## Exercise objective:
For the entries below, print exactly the lines between the line holding "proof (rule dvd_lookup_mult_no_pair)" and the line holding "using combination[OF kL, of", inclusive, and nothing else.

..............................

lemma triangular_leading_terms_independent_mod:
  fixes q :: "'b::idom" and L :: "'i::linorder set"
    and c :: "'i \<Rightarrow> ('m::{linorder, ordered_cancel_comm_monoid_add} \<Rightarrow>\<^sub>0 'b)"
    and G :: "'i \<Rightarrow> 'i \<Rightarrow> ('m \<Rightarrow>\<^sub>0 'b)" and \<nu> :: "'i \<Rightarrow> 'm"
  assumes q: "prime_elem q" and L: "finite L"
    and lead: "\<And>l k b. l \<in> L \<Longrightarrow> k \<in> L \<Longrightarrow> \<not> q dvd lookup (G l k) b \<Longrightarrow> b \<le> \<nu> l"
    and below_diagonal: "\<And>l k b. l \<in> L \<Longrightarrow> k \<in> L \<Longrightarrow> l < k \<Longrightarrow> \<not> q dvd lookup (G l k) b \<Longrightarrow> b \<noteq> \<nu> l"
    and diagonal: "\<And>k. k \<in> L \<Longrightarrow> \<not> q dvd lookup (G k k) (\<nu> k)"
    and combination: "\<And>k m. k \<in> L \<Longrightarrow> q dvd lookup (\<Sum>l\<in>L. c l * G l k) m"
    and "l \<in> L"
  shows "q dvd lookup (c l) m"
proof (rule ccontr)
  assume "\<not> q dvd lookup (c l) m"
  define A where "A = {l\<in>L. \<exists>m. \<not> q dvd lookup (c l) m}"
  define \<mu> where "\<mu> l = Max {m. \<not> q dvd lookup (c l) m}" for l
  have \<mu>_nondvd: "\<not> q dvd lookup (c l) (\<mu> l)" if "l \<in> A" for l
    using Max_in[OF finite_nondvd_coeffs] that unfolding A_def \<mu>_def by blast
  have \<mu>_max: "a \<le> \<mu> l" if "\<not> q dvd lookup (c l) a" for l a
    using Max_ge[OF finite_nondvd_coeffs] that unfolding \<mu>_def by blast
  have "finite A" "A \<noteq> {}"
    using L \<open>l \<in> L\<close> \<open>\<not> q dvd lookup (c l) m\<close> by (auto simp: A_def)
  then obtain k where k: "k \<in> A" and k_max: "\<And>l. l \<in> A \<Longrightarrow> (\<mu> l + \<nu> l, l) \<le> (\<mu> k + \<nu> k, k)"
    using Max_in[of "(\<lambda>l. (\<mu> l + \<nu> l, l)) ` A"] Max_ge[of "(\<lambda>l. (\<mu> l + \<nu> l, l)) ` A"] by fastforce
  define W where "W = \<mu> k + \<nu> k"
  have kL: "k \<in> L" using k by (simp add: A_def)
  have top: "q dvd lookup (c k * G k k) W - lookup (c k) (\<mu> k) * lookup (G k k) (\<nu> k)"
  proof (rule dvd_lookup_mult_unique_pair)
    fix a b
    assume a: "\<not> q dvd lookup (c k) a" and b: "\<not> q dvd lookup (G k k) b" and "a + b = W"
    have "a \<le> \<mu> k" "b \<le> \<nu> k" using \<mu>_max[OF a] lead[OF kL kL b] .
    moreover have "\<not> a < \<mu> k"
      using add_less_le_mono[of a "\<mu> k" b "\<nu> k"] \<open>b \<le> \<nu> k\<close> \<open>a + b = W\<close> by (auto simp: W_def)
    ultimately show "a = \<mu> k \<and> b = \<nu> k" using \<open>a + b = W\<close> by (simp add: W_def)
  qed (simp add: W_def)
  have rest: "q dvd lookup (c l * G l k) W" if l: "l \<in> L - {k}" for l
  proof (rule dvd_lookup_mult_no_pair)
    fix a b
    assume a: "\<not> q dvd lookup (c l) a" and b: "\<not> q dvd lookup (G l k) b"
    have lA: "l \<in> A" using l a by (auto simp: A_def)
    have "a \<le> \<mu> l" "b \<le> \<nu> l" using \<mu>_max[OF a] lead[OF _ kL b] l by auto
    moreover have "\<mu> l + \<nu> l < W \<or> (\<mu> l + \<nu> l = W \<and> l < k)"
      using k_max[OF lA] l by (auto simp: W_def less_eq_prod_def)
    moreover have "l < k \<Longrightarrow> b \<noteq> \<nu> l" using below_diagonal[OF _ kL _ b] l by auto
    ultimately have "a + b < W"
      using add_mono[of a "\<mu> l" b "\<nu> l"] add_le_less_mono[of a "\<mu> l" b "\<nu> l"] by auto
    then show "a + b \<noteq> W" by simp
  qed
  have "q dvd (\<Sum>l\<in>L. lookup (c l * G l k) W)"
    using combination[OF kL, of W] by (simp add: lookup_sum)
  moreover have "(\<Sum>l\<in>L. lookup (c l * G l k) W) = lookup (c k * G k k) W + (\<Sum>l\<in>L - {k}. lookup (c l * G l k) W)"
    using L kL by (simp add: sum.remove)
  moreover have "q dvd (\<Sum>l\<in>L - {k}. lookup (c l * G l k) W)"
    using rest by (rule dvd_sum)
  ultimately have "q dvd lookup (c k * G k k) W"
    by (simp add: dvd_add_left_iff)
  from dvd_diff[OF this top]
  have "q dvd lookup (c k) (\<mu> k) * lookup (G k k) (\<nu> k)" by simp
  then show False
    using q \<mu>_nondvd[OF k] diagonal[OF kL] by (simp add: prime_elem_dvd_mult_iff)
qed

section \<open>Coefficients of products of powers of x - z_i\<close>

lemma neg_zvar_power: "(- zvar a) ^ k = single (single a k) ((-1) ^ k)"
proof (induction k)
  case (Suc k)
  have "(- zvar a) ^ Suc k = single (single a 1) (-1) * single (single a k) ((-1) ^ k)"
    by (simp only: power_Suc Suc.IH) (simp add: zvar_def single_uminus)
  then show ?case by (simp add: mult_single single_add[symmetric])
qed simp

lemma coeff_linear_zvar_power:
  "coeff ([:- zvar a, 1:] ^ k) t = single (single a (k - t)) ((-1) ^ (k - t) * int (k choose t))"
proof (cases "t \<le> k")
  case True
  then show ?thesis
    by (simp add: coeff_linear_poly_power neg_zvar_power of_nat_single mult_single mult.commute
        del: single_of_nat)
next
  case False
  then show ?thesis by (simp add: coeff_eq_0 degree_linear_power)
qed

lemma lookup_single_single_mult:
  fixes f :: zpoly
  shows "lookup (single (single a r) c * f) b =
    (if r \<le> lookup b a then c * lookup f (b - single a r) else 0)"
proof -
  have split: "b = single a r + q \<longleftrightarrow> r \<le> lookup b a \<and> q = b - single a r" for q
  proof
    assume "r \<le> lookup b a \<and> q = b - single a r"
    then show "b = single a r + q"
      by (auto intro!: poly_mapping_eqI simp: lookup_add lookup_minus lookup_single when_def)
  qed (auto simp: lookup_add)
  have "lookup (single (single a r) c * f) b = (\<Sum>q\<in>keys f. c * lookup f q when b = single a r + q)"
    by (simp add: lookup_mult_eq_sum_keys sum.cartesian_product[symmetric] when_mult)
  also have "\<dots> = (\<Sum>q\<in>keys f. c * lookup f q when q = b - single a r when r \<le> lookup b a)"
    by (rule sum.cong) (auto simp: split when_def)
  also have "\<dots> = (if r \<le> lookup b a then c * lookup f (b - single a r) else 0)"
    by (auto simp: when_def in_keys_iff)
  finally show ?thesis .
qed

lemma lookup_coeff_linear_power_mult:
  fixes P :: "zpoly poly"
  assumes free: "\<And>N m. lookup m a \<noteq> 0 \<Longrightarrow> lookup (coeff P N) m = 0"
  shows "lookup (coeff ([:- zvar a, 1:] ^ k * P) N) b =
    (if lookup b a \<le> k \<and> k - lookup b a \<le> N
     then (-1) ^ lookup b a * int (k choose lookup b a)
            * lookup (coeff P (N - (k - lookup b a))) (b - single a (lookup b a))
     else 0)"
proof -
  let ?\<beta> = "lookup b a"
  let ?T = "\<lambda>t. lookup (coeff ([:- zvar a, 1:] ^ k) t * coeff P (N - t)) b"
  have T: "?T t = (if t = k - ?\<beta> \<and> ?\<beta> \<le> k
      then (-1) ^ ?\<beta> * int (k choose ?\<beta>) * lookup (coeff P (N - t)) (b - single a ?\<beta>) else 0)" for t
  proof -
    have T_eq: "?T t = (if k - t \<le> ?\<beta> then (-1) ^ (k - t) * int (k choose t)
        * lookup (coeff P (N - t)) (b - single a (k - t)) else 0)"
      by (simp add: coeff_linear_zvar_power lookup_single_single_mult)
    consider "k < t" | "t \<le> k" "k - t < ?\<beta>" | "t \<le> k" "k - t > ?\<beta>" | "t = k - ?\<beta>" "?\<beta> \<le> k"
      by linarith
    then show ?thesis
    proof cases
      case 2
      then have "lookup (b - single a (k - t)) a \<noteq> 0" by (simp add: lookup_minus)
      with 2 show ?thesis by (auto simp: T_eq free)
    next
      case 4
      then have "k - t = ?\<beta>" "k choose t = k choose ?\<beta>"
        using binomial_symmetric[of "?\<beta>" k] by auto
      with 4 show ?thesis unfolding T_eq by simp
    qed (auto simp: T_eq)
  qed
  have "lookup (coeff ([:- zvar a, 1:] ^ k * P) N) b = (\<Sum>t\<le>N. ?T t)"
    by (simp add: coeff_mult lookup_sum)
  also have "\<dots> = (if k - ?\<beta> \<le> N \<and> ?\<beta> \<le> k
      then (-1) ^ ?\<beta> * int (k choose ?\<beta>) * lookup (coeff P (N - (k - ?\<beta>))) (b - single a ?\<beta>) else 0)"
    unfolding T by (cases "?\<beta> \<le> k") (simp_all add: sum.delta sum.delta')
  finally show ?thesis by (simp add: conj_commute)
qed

..............................

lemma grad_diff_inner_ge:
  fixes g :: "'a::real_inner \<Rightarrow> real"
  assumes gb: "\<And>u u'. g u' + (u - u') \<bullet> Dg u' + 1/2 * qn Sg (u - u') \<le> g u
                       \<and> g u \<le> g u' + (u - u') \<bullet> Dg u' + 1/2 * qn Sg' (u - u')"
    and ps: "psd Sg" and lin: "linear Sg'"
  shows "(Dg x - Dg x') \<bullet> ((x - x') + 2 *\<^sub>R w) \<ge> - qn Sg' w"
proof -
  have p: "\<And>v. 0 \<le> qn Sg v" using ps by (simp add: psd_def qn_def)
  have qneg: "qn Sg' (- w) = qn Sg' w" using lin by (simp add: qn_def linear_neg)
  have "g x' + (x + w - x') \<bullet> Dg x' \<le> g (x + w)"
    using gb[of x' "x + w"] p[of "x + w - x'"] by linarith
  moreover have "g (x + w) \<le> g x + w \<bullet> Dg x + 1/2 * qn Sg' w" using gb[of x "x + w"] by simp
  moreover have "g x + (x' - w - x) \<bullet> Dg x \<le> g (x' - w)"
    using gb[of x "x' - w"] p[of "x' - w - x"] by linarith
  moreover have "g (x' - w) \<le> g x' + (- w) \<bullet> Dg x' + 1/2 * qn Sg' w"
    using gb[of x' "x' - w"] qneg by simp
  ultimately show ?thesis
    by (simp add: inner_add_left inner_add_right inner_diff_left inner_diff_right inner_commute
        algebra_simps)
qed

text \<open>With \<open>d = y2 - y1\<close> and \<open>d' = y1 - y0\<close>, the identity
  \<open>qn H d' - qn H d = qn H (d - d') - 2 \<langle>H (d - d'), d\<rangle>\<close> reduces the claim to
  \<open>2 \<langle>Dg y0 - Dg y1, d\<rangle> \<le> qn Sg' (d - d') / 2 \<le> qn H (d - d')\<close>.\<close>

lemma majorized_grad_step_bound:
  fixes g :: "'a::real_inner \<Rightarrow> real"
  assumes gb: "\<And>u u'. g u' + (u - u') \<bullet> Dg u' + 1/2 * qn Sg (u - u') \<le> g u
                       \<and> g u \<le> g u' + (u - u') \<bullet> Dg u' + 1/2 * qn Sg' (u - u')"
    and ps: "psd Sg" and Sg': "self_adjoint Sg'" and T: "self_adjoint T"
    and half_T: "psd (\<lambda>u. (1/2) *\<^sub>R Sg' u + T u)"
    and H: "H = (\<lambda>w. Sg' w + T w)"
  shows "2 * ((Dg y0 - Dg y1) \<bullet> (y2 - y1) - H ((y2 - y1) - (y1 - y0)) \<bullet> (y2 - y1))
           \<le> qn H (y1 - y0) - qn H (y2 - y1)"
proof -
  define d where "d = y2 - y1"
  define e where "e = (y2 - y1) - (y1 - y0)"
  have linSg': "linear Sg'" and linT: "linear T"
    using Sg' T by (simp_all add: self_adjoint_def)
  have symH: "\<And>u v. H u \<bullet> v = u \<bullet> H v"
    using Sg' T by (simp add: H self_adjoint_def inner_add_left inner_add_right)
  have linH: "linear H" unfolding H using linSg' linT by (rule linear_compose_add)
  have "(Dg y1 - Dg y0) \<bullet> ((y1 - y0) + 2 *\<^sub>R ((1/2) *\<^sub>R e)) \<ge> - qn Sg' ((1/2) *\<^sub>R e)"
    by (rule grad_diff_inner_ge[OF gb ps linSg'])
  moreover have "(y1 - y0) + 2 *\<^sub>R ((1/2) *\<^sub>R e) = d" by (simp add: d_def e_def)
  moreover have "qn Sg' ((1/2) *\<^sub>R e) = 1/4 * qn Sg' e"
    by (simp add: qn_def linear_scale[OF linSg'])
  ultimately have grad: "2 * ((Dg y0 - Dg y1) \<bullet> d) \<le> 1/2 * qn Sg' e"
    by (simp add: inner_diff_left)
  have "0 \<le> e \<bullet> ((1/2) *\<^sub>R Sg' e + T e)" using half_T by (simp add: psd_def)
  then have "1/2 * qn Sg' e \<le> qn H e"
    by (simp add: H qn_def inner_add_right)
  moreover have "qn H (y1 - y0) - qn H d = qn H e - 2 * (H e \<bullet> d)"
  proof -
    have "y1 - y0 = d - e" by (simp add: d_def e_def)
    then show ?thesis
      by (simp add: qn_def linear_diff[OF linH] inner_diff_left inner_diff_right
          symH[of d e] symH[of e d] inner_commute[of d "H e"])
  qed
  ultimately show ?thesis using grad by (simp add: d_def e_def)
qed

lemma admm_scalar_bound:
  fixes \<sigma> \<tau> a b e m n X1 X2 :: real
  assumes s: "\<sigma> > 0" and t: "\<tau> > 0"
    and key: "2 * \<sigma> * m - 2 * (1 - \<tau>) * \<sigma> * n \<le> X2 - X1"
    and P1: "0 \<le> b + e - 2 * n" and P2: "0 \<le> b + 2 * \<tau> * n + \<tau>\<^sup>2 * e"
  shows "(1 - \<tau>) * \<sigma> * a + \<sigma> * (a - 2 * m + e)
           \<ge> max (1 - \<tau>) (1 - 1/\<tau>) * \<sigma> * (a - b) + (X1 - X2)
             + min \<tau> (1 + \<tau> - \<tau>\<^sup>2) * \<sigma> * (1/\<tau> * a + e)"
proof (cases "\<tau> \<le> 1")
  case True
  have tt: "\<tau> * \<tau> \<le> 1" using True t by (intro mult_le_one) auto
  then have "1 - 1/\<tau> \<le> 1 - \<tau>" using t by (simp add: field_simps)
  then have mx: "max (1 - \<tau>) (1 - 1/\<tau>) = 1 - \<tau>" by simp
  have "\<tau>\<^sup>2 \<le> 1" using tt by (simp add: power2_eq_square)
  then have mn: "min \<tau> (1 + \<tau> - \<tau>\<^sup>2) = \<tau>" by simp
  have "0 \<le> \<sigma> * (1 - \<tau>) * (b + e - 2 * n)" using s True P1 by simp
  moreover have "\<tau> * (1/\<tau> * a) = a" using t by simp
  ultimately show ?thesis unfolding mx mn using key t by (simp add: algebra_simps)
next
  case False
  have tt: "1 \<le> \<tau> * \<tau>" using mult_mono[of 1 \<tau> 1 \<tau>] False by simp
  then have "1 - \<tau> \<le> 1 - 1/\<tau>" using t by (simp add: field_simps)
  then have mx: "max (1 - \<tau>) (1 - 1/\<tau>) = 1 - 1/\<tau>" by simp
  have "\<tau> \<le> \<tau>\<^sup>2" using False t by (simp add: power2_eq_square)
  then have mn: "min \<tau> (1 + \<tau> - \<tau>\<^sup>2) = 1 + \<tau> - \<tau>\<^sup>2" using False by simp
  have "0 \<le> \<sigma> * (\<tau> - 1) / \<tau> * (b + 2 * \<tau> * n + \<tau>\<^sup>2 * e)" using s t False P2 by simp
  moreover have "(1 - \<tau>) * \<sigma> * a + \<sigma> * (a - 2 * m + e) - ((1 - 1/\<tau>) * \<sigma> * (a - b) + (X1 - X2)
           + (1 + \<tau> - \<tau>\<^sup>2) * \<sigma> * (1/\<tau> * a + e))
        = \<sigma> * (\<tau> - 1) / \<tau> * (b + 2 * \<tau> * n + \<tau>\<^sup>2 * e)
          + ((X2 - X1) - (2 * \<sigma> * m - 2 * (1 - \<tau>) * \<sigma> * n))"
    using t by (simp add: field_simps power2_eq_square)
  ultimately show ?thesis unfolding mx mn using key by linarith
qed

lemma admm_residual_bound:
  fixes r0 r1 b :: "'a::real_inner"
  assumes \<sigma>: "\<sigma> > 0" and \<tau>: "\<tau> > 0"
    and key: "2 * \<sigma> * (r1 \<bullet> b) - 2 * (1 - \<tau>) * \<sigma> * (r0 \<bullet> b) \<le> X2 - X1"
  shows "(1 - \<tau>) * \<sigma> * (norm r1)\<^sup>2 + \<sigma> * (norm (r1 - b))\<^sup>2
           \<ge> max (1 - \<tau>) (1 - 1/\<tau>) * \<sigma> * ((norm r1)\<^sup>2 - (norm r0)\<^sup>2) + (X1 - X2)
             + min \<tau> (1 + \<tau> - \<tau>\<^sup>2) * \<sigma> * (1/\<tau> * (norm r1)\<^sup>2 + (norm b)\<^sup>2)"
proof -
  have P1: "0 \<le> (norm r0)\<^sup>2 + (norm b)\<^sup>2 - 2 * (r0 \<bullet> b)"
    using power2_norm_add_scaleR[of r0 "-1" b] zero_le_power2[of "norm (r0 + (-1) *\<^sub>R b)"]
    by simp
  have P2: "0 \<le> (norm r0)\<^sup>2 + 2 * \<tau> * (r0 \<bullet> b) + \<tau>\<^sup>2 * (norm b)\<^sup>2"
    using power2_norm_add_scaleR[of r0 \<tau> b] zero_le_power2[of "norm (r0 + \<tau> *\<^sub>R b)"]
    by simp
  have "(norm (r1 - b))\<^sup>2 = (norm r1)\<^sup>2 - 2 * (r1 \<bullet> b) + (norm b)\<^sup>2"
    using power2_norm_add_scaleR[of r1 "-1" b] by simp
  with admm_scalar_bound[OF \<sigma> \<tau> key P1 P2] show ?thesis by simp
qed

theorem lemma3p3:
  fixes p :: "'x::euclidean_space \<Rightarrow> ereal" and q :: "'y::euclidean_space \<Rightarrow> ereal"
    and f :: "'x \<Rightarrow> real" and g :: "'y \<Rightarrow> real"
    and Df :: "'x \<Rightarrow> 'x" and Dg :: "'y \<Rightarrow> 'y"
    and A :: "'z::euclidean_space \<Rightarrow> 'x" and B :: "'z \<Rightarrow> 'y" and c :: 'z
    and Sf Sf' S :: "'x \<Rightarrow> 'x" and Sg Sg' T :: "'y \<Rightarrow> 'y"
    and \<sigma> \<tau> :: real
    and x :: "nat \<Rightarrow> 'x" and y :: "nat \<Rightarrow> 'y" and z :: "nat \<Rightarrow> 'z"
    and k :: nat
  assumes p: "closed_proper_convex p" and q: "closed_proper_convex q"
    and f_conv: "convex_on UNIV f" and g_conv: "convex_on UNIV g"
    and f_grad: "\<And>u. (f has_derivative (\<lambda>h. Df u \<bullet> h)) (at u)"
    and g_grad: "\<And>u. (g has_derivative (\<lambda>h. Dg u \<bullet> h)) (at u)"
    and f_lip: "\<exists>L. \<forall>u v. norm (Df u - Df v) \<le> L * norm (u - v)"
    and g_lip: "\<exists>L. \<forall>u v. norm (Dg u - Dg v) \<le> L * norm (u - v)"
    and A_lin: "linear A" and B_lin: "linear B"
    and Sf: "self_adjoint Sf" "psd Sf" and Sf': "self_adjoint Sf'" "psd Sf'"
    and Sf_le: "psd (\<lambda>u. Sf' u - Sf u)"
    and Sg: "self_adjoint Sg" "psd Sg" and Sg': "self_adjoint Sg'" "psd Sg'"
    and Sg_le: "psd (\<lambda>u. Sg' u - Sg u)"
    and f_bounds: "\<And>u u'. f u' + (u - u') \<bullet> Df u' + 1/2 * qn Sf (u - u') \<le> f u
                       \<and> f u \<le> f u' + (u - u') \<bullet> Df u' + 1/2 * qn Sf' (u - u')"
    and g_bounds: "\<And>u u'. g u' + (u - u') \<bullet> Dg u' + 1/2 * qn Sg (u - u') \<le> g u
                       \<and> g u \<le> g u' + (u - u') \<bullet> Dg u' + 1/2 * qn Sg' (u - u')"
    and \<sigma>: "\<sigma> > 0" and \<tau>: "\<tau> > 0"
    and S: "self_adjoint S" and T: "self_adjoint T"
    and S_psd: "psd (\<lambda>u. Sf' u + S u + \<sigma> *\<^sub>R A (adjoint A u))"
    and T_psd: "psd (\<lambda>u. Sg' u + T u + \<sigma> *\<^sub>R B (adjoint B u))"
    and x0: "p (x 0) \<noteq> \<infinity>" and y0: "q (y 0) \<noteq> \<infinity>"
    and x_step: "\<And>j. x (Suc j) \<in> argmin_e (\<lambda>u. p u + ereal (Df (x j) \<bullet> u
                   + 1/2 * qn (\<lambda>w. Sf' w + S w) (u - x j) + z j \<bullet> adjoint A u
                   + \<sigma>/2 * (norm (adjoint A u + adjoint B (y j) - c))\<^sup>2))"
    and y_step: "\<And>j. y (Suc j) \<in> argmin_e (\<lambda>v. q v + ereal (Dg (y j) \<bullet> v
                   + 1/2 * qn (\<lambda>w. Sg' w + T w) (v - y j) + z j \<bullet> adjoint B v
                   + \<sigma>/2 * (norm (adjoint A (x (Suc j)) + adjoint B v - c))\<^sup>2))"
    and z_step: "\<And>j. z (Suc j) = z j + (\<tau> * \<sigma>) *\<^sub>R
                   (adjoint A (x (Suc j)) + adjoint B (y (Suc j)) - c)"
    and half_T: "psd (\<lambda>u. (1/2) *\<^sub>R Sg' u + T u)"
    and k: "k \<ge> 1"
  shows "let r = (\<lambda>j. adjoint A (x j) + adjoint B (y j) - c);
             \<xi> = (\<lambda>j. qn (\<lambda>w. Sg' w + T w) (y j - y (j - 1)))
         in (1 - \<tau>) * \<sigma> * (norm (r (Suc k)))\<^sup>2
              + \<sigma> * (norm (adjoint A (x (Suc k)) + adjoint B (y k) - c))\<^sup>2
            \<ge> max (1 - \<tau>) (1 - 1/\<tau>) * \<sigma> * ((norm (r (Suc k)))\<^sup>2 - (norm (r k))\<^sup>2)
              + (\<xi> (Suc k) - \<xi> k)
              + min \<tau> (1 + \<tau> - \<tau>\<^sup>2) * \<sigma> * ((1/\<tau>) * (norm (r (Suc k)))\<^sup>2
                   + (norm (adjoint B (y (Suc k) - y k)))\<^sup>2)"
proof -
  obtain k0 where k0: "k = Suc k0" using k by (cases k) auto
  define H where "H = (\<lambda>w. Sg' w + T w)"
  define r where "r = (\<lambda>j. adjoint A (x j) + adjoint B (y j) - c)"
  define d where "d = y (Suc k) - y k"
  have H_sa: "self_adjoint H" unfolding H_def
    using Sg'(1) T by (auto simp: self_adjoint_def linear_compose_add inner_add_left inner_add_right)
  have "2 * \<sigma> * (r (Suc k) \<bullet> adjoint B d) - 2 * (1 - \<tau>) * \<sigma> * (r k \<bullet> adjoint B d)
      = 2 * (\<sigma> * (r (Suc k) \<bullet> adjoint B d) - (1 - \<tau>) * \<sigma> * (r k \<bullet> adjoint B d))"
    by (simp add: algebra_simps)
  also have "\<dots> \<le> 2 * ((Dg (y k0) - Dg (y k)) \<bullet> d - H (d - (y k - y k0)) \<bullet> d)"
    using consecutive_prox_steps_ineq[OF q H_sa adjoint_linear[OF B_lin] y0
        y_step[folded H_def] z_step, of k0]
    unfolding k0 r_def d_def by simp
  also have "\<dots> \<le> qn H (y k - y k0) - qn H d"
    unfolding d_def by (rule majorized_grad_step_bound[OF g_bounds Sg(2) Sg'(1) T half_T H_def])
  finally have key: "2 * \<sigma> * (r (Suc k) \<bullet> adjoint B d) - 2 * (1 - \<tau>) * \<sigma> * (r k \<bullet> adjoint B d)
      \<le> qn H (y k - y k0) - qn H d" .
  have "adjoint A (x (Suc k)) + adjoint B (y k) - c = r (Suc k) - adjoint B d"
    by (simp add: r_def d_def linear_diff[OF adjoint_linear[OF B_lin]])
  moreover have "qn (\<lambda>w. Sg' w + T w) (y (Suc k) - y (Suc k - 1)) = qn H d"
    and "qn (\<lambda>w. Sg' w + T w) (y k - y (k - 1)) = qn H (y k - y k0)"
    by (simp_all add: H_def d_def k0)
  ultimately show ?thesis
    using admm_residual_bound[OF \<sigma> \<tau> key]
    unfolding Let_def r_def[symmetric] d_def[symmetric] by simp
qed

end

..............................

## Completed task:
  proof (rule dvd_lookup_mult_no_pair)
    fix a b
    assume a: "\<not> q dvd lookup (c l) a" and b: "\<not> q dvd lookup (G l k) b"
    have lA: "l \<in> A" using l a by (auto simp: A_def)
    have "a \<le> \<mu> l" "b \<le> \<nu> l" using \<mu>_max[OF a] lead[OF _ kL b] l by auto
    moreover have "\<mu> l + \<nu> l < W \<or> (\<mu> l + \<nu> l = W \<and> l < k)"
      using k_max[OF lA] l by (auto simp: W_def less_eq_prod_def)
    moreover have "l < k \<Longrightarrow> b \<noteq> \<nu> l" using below_diagonal[OF _ kL _ b] l by auto
    ultimately have "a + b < W"
      using add_mono[of a "\<mu> l" b "\<nu> l"] add_le_less_mono[of a "\<mu> l" b "\<nu> l"] by auto
    then show "a + b \<noteq> W" by simp
  qed
  have "q dvd (\<Sum>l\<in>L. lookup (c l * G l k) W)"
    using combination[OF kL, of W] by (simp add: lookup_sum)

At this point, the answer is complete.